Tous ces symptômes servent l'agresseur et desservent la victime, rendent la victime encore plus vulnérable et manipulable, l'isolent, la décrédibilisent à ses propres yeux et aux yeux de ses collègues, de ses proches et de tous ceux qui la côtoient. Ils sont utilisés pour justifier a posteriori les violences faites ("il ou elle est incapable, nul(le), invivable, insupportable, fou/folle…", "le/la pauvre comment arrive-t-il/elle à le/la supporter ?"), et pour inverser la culpabilité.
Ils rendent souvent les secours et les aides moins efficaces (découragement), voire génèrent de nouvelles violences de la part de ceux qui devraient l'aider (collègues, professionnels, famille, qui lui font la morale, la jugent, la rejettent, ne la croient pas, l'abandonnent…).
Ils représentent un risque vital, un risque pour l'intégrité physique, psychologique, professionnelle, sociale, affective et personnelle, et un risque de reproduire des conduites violentes.

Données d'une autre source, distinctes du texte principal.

(* Let $I$ be a monomial ideal of $R=K[x_1,\ldots,x_d]$ ($K$ a field) and $r\in\mathbb{R}$, $r\ge 0$. Consider the following procedure (the Staircase algorithm). If $d=1$, output $\{x_1^{\min(\mathcal{V},1)}\}$. If $d\ge2$, initialize an empty output list and let StartPoints be the set of lattice points $\mathbf{a}\in\operatorname{hype}(I,r)\cap\mathbb{Z}^d$ with $a_{d-1}=\min(\mathcal{V},d-1)$ and $a_d=\max(\mathcal{V},d)$. For each $\mathbf{a}\in$ StartPoints: set $\mathbf{b}:=\mathbf{a}$; while $\mathbf{a}\in\operatorname{hype}(I,r)$, do the following: if $\mathbf{a}\in r\cdot NP(I)$, set $\mathbf{b}:=\mathbf{a}$ and then $\mathbf{a}:=\mathbf{a}-\mathbf{e}_d$; otherwise, if $\mathbf{b}\in r\cdot NP(I)$ append $\mathbf{x}^{\mathbf{b}}$ to the output, then set $\mathbf{b}:=\mathbf{a}$ and $\mathbf{a}:=\mathbf{a}+\mathbf{e}_{d-1}$. After the while loop ends, if $\mathbf{b}\in r\cdot NP(I)$ append $\mathbf{x}^{\mathbf{b}}$ to the output. Finally return the output list. If $d\in\{1,2\}$, this procedure returns a minimal set of monomial generators of $\overline{I^r}$. If $d\ge3$, it returns a (not necessarily minimal) set of monomial generators of $\overline{I^r}$.
   Context: $\mathbb{N}$ denotes the non-negative integers, $\mathbf{x}^{\mathbf{a}}=x_1^{a_1}\cdots x_d^{a_d}$, and $\mathbf{e}_i$ is the $i$-th standard basis vector. $G(I)$ is the minimal monomial generating set of $I$. $NP(I)$ is the convex hull in $\mathbb{R}^d$ of $\{\mathbf{a}\in\mathbb{N}^d\mid \mathbf{x}^{\mathbf{a}}\in I\}$, and $r\cdot NP(I)=\{r\mathbf{v}\mid\mathbf{v}\in NP(I)\}$. For real $r\ge0$, $\overline{I^r}=(\{\mathbf{x}^{\mathbf{a}}\mid \mathbf{a}\in r\cdot NP(I)\cap\mathbb{N}^d\})$. Let $\mathcal{V}(I,r)=\{(\lceil ra_1\rceil,\ldots,\lceil ra_d\rceil)\mid \mathbf{x}^{\mathbf{a}}\in G(I)\}$, and for $1\le i\le d$ let $\min(\mathcal{V},i)=\min_{\alpha\in\mathcal{V}(I,r)}\alpha_i$, $\max(\mathcal{V},i)=\max_{\alpha\in\mathcal{V}(I,r)}\alpha_i$. The hyperrectangle is $\operatorname{hype}(I,r)=\prod_{i=1}^d[\min(\mathcal{V},i),\max(\mathcal{V},i)]$. *)

theory Defs
  imports Complex_Main
begin
lemma dT2_decay:
  assumes V: "\<And>t. 0 \<le> t \<Longrightarrow> L2_deriv_within X (V t) t {t..}"
    and v: "\<And>t. 0 \<le> t \<Longrightarrow> AE m in Om. v t (X t m) = V t m"
  shows "\<exists>C. \<forall>t\<ge>0. dT2 (distr Om borel (X t)) (v t) rho_inf (\<lambda>_. 0) \<le> C * exp (- \<kappa> * t)"
proof (intro exI allI impI)
  fix t :: real assume "0 \<le> t"
  let ?q = "quantile (distr Om borel (X t))"
  have "AE m in Om. v t (?q m) - 0 = V t m"
    using quantile_distr_X[OF \<open>0 \<le> t\<close>] v[OF \<open>0 \<le> t\<close>] by eventually_elim simp
  then have "L2norm (\<lambda>m. v t (?q m) - 0) \<le> L2norm (V t)"
    using V[OF \<open>0 \<le> t\<close>] by (intro L2norm_AE_le L2_deriv_within_L2)
  also have "\<dots> \<le> velocity_bound * exp (- \<kappa> * t)"
    by (rule right_deriv_decay[OF \<open>0 \<le> t\<close> V[OF \<open>0 \<le> t\<close>]])
  finally have "L2norm (\<lambda>m. v t (?q m) - 0) \<le> velocity_bound * exp (- \<kappa> * t)" .
  moreover have "dT2 (distr Om borel (X t)) (v t) rho_inf (\<lambda>_. 0)
      \<le> L2norm (\<lambda>m. ?q m - quantile rho_inf m) + L2norm (\<lambda>m. v t (?q m) - 0)"
    unfolding dT2_def by (rule sqrt_sum_squares_le_sum) (simp_all add: L2norm_nonneg)
  ultimately show "dT2 (distr Om borel (X t)) (v t) rho_inf (\<lambda>_. 0)
      \<le> (deviation_bound / lam + \<bar>v0bar\<bar> / (2 * \<kappa>) + velocity_bound) * exp (- \<kappa> * t)"
    using rearrangement_decay[OF \<open>0 \<le> t\<close>] by (simp add: distrib_right)
qed
lemma N_iff:
  "z \<in> N \<longleftrightarrow> z \<in> carrier G \<and> rep_iso mscale mscale (G\<lparr>carrier := H\<rparr>) (conj_rep z) Xs Xr Xs"
proof
  assume zN: "z \<in> N"
  then have zK: "z \<in> normalizer G Ker" and A: "conj_aut G H \<pi> z \<in> Aut_Psi \<Gamma> Xs"
    unfolding Nsub_def by auto
  have zG: "z \<in> carrier G" using zK normalizer_iff[OF Ker_carrier] by auto
  obtain T where T: "bij_betw T Xs Xs" "\<forall>x\<in>Xs. \<forall>y\<in>Xs. T (x + y) = T x + T y"
    "\<forall>c. \<forall>x\<in>Xs. T (mscale c x) = mscale c (T x)"
    "\<forall>a\<in>\<Gamma>. \<forall>x\<in>Xs. T (psi (conj_aut G H \<pi> z a) x) = psi a (T x)"
    using A unfolding Aut_Psi_def rep_iso_def by auto
  have "T (conj_rep z h u) = Xr h (T u)" if h: "h \<in> H" and u: "u \<in> Xs" for h u
  proof -
    have "T (psi (conj_aut G H \<pi> z (\<pi> h)) u) = psi (\<pi> h) (T u)" using T(4) \<pi>_in[OF h] u by blast
    then show ?thesis using conj_aut_\<pi>[OF zK h] unfolding conj_rep_def Xr_def by simp
  qed
  then show "z \<in> carrier G \<and> rep_iso mscale mscale (G\<lparr>carrier := H\<rparr>) (conj_rep z) Xs Xr Xs"
    unfolding rep_iso_def using zG T by auto
next
  assume "z \<in> carrier G \<and> rep_iso mscale mscale (G\<lparr>carrier := H\<rparr>) (conj_rep z) Xs Xr Xs"
  then have zG: "z \<in> carrier G" and iso: "rep_iso mscale mscale (G\<lparr>carrier := H\<rparr>) (conj_rep z) Xs Xr Xs"
    by auto
  have zK: "z \<in> normalizer G Ker" by (rule iso_imp_normalizer[OF zG iso])
  obtain T where T: "bij_betw T Xs Xs" "\<forall>x\<in>Xs. \<forall>y\<in>Xs. T (x + y) = T x + T y"
    "\<forall>c. \<forall>x\<in>Xs. T (mscale c x) = mscale c (T x)"
    "\<forall>h\<in>H. \<forall>x\<in>Xs. T (conj_rep z h x) = Xr h (T x)"
    using iso unfolding rep_iso_def by auto
  have "T (psi (conj_aut G H \<pi> z a) x) = psi a (T x)" if a: "a \<in> \<Gamma>" and x: "x \<in> Xs" for a x
  proof -
    obtain h where "h \<in> H" "a = \<pi> h" using \<pi>_surj a by auto
    then show ?thesis using T(4) x conj_aut_\<pi>[OF zK] unfolding conj_rep_def Xr_def by simp
  qed
  then have "rep_iso mscale mscale (PGL2\<lparr>carrier := \<Gamma>\<rparr>) (\<lambda>a. psi (conj_aut G H \<pi> z a)) Xs psi Xs"
    unfolding rep_iso_def using T by auto
  then show "z \<in> N" unfolding Nsub_def Aut_Psi_def using zK conj_aut_iso[OF zK] by blast
qed
(* Let $j\ge 2$ be an integer and let $\bar\alpha_j$ be the largest $\alpha\ge 0$ such that $\left(1-e^{-\alpha^{j-1}x^{j-1}}\right)^{j-1}\le x$ for all $x\in(0,1]$. For $\alpha>0$ and an integer $k\ge 2$ with $\delta:=\alpha(k-1)^{-j/(j-1)}\le 1$, define the sequence $x_0=\delta$ and $$x_{i+1}=\delta\left(1-\Bigl[1-(1-\delta)\bigl(1-(1-x_i)^{k-1}\bigr)^{j-1}-x_i\Bigr]^{k-1}\right)^{j-1},\quad i\ge 0.$$ (a) If $\alpha<\bar\alpha_j$, there exists $K_1<\infty$ such that for all $k\ge K_1$, $x_i\to 0$ as $i\to\infty$. (b) If $\alpha>\bar\alpha_j$, there exists $K_2<\infty$ such that for all $k\ge K_2$, $x_i$ does not converge to $0$.
   Context: The recursion is the density evolution of the LM1 verification-decoding algorithm (Luby–Mitzenmacher) for a $(j,k)$-regular LDPC code on the $q$-ary symmetric channel with error probability $\delta$ (equivalently, LM1 reconstruction of a strictly sparse signal whose fraction of nonzero entries is $\delta$); $x_i$ is the fraction of unverified messages after $i$ iterations, and $x_i\to0$ corresponds to successful decoding/reconstruction with high probability as the block length tends to infinity. *)

theory Defs
  imports Complex_Main
begin

definition alpha_bar :: "nat \<Rightarrow> real" where
  "alpha_bar j = (GREATEST \<alpha>. \<alpha> \<ge> 0 \<and>
     (\<forall>x\<in>{0<..1}. (1 - exp (- (\<alpha> ^ (j - 1) * x ^ (j - 1)))) ^ (j - 1) \<le> x))"

definition lm1_delta :: "nat \<Rightarrow> nat \<Rightarrow> real \<Rightarrow> real" where
  "lm1_delta j k \<alpha> = \<alpha> * (real k - 1) powr (- (real j / (real j - 1)))"

fun lm1_seq :: "nat \<Rightarrow> nat \<Rightarrow> real \<Rightarrow> nat \<Rightarrow> real" where
  "lm1_seq j k \<delta> 0 = \<delta>"
| "lm1_seq j k \<delta> (Suc i) =
     (let x = lm1_seq j k \<delta> i in
      \<delta> * (1 - (1 - (1 - \<delta>) * (1 - (1 - x) ^ (k - 1)) ^ (j - 1) - x) ^ (k - 1)) ^ (j - 1))"

end

theory Submission
  imports Defs "HOL-Analysis.Elementary_Metric_Spaces"
begin

(* Write m = j - 1, d = k - 1 and scale the state as x = delta * y.  With
   eps = d * delta one has d * eps^m = alpha^m, and both delta and eps tend
   to 0 as k grows.  In these coordinates one step of the recursion is
   squeezed between two perturbations of the limiting profile
   y |-> (1 - exp (- alpha^m * y^m))^m, the perturbations vanishing as k grows. *)

lemma one_minus_pow_le_exp:
  fixes u :: real assumes "u \<le> 1"
  shows "(1 - u) ^ d \<le> exp (- (real d * u))"
proof -
  have "(1 - u) ^ d \<le> exp (- u) ^ d"
    using assms exp_ge_add_one_self[of "- u"] by (intro power_mono) auto
  thus ?thesis by (simp add: exp_of_nat_mult[symmetric])
qed

(* Reverse estimate for small u, from ln(1 - u) >= -u - 2u^2; used for the upper bound. *)
lemma exp_le_one_minus_pow:
  fixes u :: real assumes "0 \<le> u" "u \<le> 1/2"
  shows "exp (- (real d * u * (1 + 2 * u))) \<le> (1 - u) ^ d"
proof -
  have "real d * (- u - 2 * u\<^sup>2) \<le> real d * ln (1 - u)"
    using ln_one_minus_pos_lower_bound[OF assms] by (intro mult_left_mono) auto
  hence "exp (- (real d * u * (1 + 2 * u))) \<le> exp (real d * ln (1 - u))"
    by (simp add: algebra_simps power2_eq_square)
  also have "\<dots> = (1 - u) ^ d" using assms by (simp add: exp_of_nat_mult)
  finally show ?thesis .
qed
(* Let $\mathcal{A}=\{\alpha_1<\dots<\alpha_m\}\subset(0,1)$. If the base forecasts are point forecasts, $b_t=[k_t,\dots,k_t]$ for some $k_t\in\mathbb{R}$, and $|y_t-k_t|\le R$ for all $t$, then the MultiQT iterates (learning rate $\eta>0$, initial hidden offset $\tilde\theta_1\in\mathcal{K}$) satisfy $\|\theta_t-\tilde\theta_t\|_2\le\frac{\eta|\mathcal{A}|^{3/2}}{\sqrt3}$ for all $t$.
   Context: $\mathcal{K}=\{x\in\mathbb{R}^m:x_1\le\dots\le x_m\}$; $\Pi_C$ Euclidean projection; $C-v=\{x-v:x\in C\}$. MultiQT: for $t=1,2,\dots$, played offset $\theta_t=\Pi_{\mathcal{K}-b_t}(\tilde\theta_t)$, forecast $q_t=b_t+\theta_t$, $\mathrm{cov}_t^{\alpha}=\mathbb{1}\{y_t\le q_t^{\alpha}\}$, hidden update $\tilde\theta_{t+1}^{\alpha}=\tilde\theta_t^{\alpha}-\eta(\mathrm{cov}_t^{\alpha}-\alpha)$. *)

theory Defs
  imports "HOL-Analysis.Analysis"
begin

text \<open>The isotonic cone K = {x : x_1 \<le> ... \<le> x_m}, with coordinates indexed by a
finite linearly ordered type 'n (so m = CARD('n)).\<close>
definition isoK :: "(real ^ ('n::{finite,linorder})) set" where
  "isoK = {x. \<forall>i j. i \<le> j \<longrightarrow> x $ i \<le> x $ j}"

definition set_minus_vec :: "(real ^ 'n::finite) set \<Rightarrow> real ^ 'n \<Rightarrow> (real ^ 'n) set" where
  "set_minus_vec C v = (\<lambda>x. x - v) ` C"

definition mqt_played :: "real ^ ('n::{finite,linorder}) \<Rightarrow> real ^ ('n::{finite,linorder}) \<Rightarrow> real ^ ('n::{finite,linorder})" where
  "mqt_played b th = closest_point (set_minus_vec isoK b) th"

definition mqt_step :: "real \<Rightarrow> (('n::{finite,linorder}) \<Rightarrow> real) \<Rightarrow> real ^ ('n::{finite,linorder}) \<Rightarrow> real \<Rightarrow> real ^ ('n::{finite,linorder}) \<Rightarrow> real ^ ('n::{finite,linorder})" where
  "mqt_step eta alpha b y th =
     (let q = b + mqt_played b th in
      th - eta *\<^sub>R (\<chi> i. of_bool (y \<le> q $ i) - alpha i))"

end

theory Submission
  imports Defs
begin

(* For a constant base forecast b_t = (k_t, ..., k_t) we have K - b_t = K, so the played offset is
   the isotonic projection p of the hidden offset x. Projection can only keep two neighbouring
   coordinates i < j apart if x_i <= x_j; hence when x_j < x_i the two coverage indicators agree and
   the update does not enlarge the drop x_i - x_j, while otherwise (alpha being increasing) the
   update creates a drop of at most eta. So all drops between neighbours stay below eta, which
   makes x + eta (0, 1, ..., m - 1) a point of K. Its distance to x is
   eta sqrt (sum_{k<m} k^2) <= eta m^(3/2) / sqrt 3. *)

definition adjacent :: "'a::linorder \<Rightarrow> 'a \<Rightarrow> bool" where
  "adjacent i j \<longleftrightarrow> i < j \<and> (\<forall>l. \<not> (i < l \<and> l < j))"
definition local_epistemic :: "('w, 'a, 'p) kmodel \<Rightarrow> bool" where
  "local_epistemic M \<longleftrightarrow>
     kripke_model M \<and>
     (\<forall>a. let D = {w \<in> worlds M. a \<in> dom M w} in
            equiv D ({(w, v). v \<in> rel M a w} \<inter> (D \<times> D))) \<and>
     (\<forall>a w v. v \<in> rel M a w \<and> a \<in> dom M w \<longrightarrow> a \<in> dom M v) \<and>
     (\<forall>a p w v. v \<in> rel M a w \<and> a \<in> val M p w \<longrightarrow> a \<in> val M p v) \<and>
     (\<forall>w\<in>worlds M. \<forall>v\<in>worlds M. (\<forall>a\<in>dom M w. v \<in> rel M a w) \<longrightarrow> dom M v \<subseteq> dom M w)"

definition LEM :: "('v, 'a, 'p) smodel \<Rightarrow> ('v set, 'a, 'p) kmodel" where
  "LEM C = \<lparr> worlds = facets C,
             dom = (\<lambda>F. col C ` F),
             rel = (\<lambda>a F. {G. F \<in> facets C \<and> G \<in> facets C \<and> a \<in> col C ` (F \<inter> G)}),
             val = (\<lambda>p F. col C ` (F \<inter> lab C p)) \<rparr>"

definition Fw :: "('w, 'a, 'p) kmodel \<Rightarrow> 'w \<Rightarrow> ('a \<times> 'w set) set" where
  "Fw M w = {(a, rel M a w) | a. a \<in> dom M w}"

Les violences sexuelles entraînent une spirale de conséquences graves pour la santé psychique et physique, à l'origine d'une grande souffrance, d'un isolement et d'un risque important de désinsertion socio-professionnelle et affective.

  1. Risque vital :
    1. conduites à risque : accidents, mise en danger (particulièrement chez les plus jeunes)‏
    2. conduites suicidaires : dix fois plus de tentatives de suicides en cas de troubles psychotraumatiques
    3. conduites addictives : polytoxicomanie
  2. Risque pour sa santé mentale et physique :
    1. troubles psychotraumatiques, troubles de l'humeur, de la personnalité, de l'alimentation, troubles anxieux généralisés, symptômes dissociatifs, troubles psychotiques aigus, maladies liées aux stress, arrêts de travail, hospitalisations, interventions chirurgicales.
    2. manque d'hygiène, de prévention, tabac, alcool, drogues, MST.
  3. Risque scolaire et professionnel lié aux conséquences des troubles psychotraumatiques, particulièrement les conduites d'évitement, les troubles anxieux et les troubles cognitifs (troubles de la mémoire, troubles de la concentration, troubles de l'attention) qui ne permettent plus à la victime d'assurer normalement ses fonctions professionnelles (abandon de poste, licenciement pour fautes, démission, chômage), risque d'échec scolaire,de marginalisation.
  4. Risque pour les relations sociales, amicales et amoureuses, perturbations familiales (50% de divorce), isolement, phobies sociales.
  5. Risques de re-victimisation.
  6. Risques de conduites délinquantes, asociales, violentes.